Unfortunately, the electrical system obeys laws of physics. We may decide that A
will buy power from B, but the power flow does not happen this way. The flow
will occur based on the entire set of grid conditions existing then.
Can
the transmission system or the grid be made in such a way that large power flows
are not a problem? The answer probably is that even if very large sums are
spent on the grid, the electrical system with large power flows operating with
the logic of the market, will always be more unstable then a system that allows
local systems to be largely self-sufficient with only surplus and deficit being
traded through links. This was how the grid was developed and still remains the
most sensible way to operate the grid.
The
entire development of power grids was based on power flows only as a back-up
from other plants in case one fails and meeting shortages or distributing
surplus from one area to another. It can be made to take in additional power
flows if the direction and the quantum can be pre determined. One can then
design these into the system. But building a system that can take any amount of
power flow in any direction is both prohibitively expensive and inherently
unstable.
Why
are then such reforms being pushed? The answer lies in that increasingly,
speculative capital and trade is taking control of the capitalist economies of
advanced countries. It was Enron, which decided that the new economy meant power
trade as business and not generation/transmission business. To help these
traders, the government should chip in, not only in dismantling the existing
regulatory controls but also funding the transmission network.

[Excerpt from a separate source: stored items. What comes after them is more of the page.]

(* Let $\alpha>0$ be a constant and let $n$ be an integer with $n\ge 10+4\alpha$. Then the solution curve of the generalized Gelfand problem \[ u''+\frac{n-1}{r}u'+\lambda r^{\alpha}e^{u}=0 \quad (0<r<1), \qquad u'(0)=0,\quad u(1)=0, \] admits at most two turns. That is, with $w$ and $\lambda(t)$ as in the context, $\lambda'(t)$ changes sign at most twice on $(0,\infty)$.
   Context: Here $\lambda>0$ is a parameter. Let $w(t)$ be the solution of the initial value problem \[ w''+\frac{n-1}{t}w'+t^{\alpha}e^{w}=0, \qquad w(0)=0,\quad w'(0)=0 \qquad (t>0). \] This solution is negative and decreasing and is defined for all $t>0$. For each $t>0$, the function $u(r)=w(tr)-w(t)$ solves the boundary value problem with $\lambda=\lambda(t):=t^{\alpha+2}e^{w(t)}$, and all solutions arise in this way. The solution curve is the parametrized curve \[ t\mapsto(\lambda,u(0))=\bigl(t^{\alpha+2}e^{w(t)},\,-w(t)\bigr), \qquad t\in(0,\infty). \] A turn of the curve is a change of sign of $\lambda'(t)$. *)

theory Defs
  imports "HOL-Analysis.Analysis"
begin

definition gelfand_lambda :: "real \<Rightarrow> (real \<Rightarrow> real) \<Rightarrow> real \<Rightarrow> real" where
  "gelfand_lambda \<alpha> w t = t powr (\<alpha> + 2) * exp (w t)"

definition at_most_two_sign_changes :: "(real \<Rightarrow> real) \<Rightarrow> real set \<Rightarrow> bool" where
  "at_most_two_sign_changes f S \<longleftrightarrow>
     \<not> (\<exists>t1 t2 t3 t4. t1 \<in> S \<and> t2 \<in> S \<and> t3 \<in> S \<and> t4 \<in> S \<and>
          t1 < t2 \<and> t2 < t3 \<and> t3 < t4 \<and>
          f t1 * f t2 < 0 \<and> f t2 * f t3 < 0 \<and> f t3 * f t4 < 0)"
(* Let $P$ be a shortest path (a path of minimum length between its two end vertices) in a honeycomb toroidal graph $\mathrm{HTG}(m,n,\ell)$, and let $0\le i\le m-2$. If $P$ contains two flat edges between column $i$ and column $i+1$ that are consecutive among the flat edges of $P$ between these two columns, then some jump edge of $P$ lies between them along $P$. In particular, if $P$ contains no jump edge, then $P$ contains at most one flat edge between column $i$ and column $i+1$, for each $i$.
   Context: Honeycomb toroidal graph: let $m\ge 1$ be an integer, $n\ge 4$ an even integer, and $\ell$ an integer with $\ell\equiv m \pmod 2$. The graph $\mathrm{HTG}(m,n,\ell)$ has vertex set $\{u_{i,j}: 0\le i\le m-1,\ j\in\mathbb{Z}_n\}$ (second subscripts are taken modulo $n$; the vertices $u_{i,0},\dots,u_{i,n-1}$ form column $i$) and the following edges: vertical edges $u_{i,j}u_{i,j+1}$ for all $0\le i\le m-1$ and all $j$; flat edges $u_{i,j}u_{i+1,j}$ for $0\le i\le m-2$ and all $j$ with $i+j$ odd; jump edges $u_{m-1,j}u_{0,j+\ell}$ for all $j$ with $j\equiv m\pmod 2$. Only parameters for which this is a simple 3-regular graph are allowed (in particular, when $m=1$ one requires $\ell\not\equiv\pm1\pmod n$). *)

theory Defs
  imports Main
begin

text \<open>Vertex u_{i,j} is the pair (i,j) with i < m and j < n (j represents an element of Z_n).\<close>

type_synonym vtx = "nat \<times> nat"

definition htg_vert :: "nat \<Rightarrow> nat \<Rightarrow> vtx set" where
  "htg_vert m n = {(i, j). i < m \<and> j < n}"

definition vertical_dir :: "nat \<Rightarrow> vtx \<Rightarrow> vtx \<Rightarrow> bool" where
  "vertical_dir n u v \<longleftrightarrow> fst v = fst u \<and> snd v = (snd u + 1) mod n"

definition flat_dir :: "nat \<Rightarrow> vtx \<Rightarrow> vtx \<Rightarrow> bool" where
  "flat_dir m u v \<longleftrightarrow> fst u + 1 < m \<and> fst v = fst u + 1 \<and> snd v = snd u \<and> odd (fst u + snd u)"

The people would
pay for these, pressurised by the lack of reliability of the system and finally
increased power costs. So instead of lower electricity rates, the prices would
actually rise. While the people would pay larger amounts, the power traders will
make more and more money.
While
advanced capitalism is seeing growth of the speculative economy, why is India
following suit? Is it that speculative capital is becoming more entrenched here
too or is it the neo-colonial belief whatever is good for US must be good for
India today? The US blackout is only a precursor to what will happen here too
and obviously much more often. With a fragmented network, increased power
flows and a government that does not understand the difference between
electrical power and soap as commodities, we are likely to see even higher costs
of electricity accompanied by a lack of reliability as the Indian government
follows the US style reforms.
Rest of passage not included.